L’effet d’amplification suscité par la curiosité des gens choqués par les abus verbaux et leur reprise un peu partout feront le reste. L’insulte permet aussi d’inhiber toute idée contraire dans le débat politique sénégalais. A court d’arguments, il est plus simple de maudire des mères. Le chroniqueur Hamidou Anne avait alerté sur cet état de terrorisme par la parole dans un de ses articles, «Vos attaques sont nos médailles». Akhlou Brick et Ngaaka Blindé ont leurs studios d’enregistrement et la force du stream pour s’invectiver, nos politiciens ont les plateaux télévisés, les colonnes de journaux et les réseaux sociaux.
L’usage de l’insulte, aussi bien pour les politiciens que les rappeurs, répond à des objectifs précis et avec une méthode spécifique, un groupe de rap français s’appelait bien NTM (c’est dire).

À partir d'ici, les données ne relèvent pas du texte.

lemma greedy_set_colouring:
  fixes R :: "'v::countable \<Rightarrow> 'v \<Rightarrow> bool" and Pal :: "'p set"
  assumes "symp R" and "\<And>v. finite {u. R u v}" and "\<And>v. card {u. R u v} < D"
    and "\<And>v. c v \<le> k" and "infinite Pal \<or> k * D \<le> card Pal"
  obtains h :: "'v \<Rightarrow> 'p set" where "\<And>v. h v \<subseteq> Pal" "\<And>v. finite (h v)" "\<And>v. card (h v) = c v"
    "\<And>u v. R u v \<Longrightarrow> u \<noteq> v \<Longrightarrow> h u \<inter> h v = {}"
proof
  let ?h = "greedy_colouring R c Pal"
  have spec: "?h v \<subseteq> Pal - (\<Union>u\<in>{u. R u v \<and> to_nat u < to_nat v}. ?h u) \<and>
      finite (?h v) \<and> card (?h v) = c v" for v
    using assms(2-5) by (rule greedy_colouring_spec)
  show "?h v \<subseteq> Pal" "finite (?h v)" "card (?h v) = c v" for v
    using spec[of v] by auto
  show "?h u \<inter> ?h v = {}" if "R u v" "u \<noteq> v" for u v
  proof (cases "to_nat u < to_nat v")
    case True
    then show ?thesis using spec[of v] that by blast
  next
    case False
    then have "to_nat v < to_nat u" using that(2) by (metis linorder_neqE_nat to_nat_split)
    moreover have "R v u" using \<open>symp R\<close> that(1) by (rule sympD)
    ultimately show ?thesis using spec[of u] by blast
  qed
qed

definition lin_form :: "('n::finite \<Rightarrow> int) \<Rightarrow> int ^ 'n \<Rightarrow> int" where
  "lin_form w x = (\<Sum>i\<in>UNIV. w i * x $ i)"

lemma lin_form_diff: "lin_form w (x - y) = lin_form w x - lin_form w y"
  by (simp add: lin_form_def sum_subtractf algebra_simps)

lemma lin_form_scale_add_coord:
  "lin_form (\<lambda>j. k * w j + (if j = i then 1 else 0)) x = k * lin_form w x + x $ i"
proof -
  have "lin_form (\<lambda>j. k * w j + (if j = i then 1 else 0)) x
      = (\<Sum>j\<in>UNIV. k * (w j * x $ j)) + (\<Sum>j\<in>UNIV. if j = i then x $ j else 0)"
    unfolding lin_form_def by (subst sum.distrib[symmetric]) (rule sum.cong, auto simp: algebra_simps)
  then show ?thesis by (simp add: lin_form_def sum_distrib_left)
qed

On regrettera les dommages que la poursuite de gains par l’insulte créeront à tout ce qu’il y a comme codes formels, convenances et règles de bienséance dans un espace public civilisé. Quand ceux qui sont à des positions exposées ne se privent pas de jurons, la gratuité et la généralisation de l’insulte dans toutes les sphères sont une conséquence de fait. On dit de la violence du verbe qu’elle est annonciatrice des abus physiques, espérons nous tromper.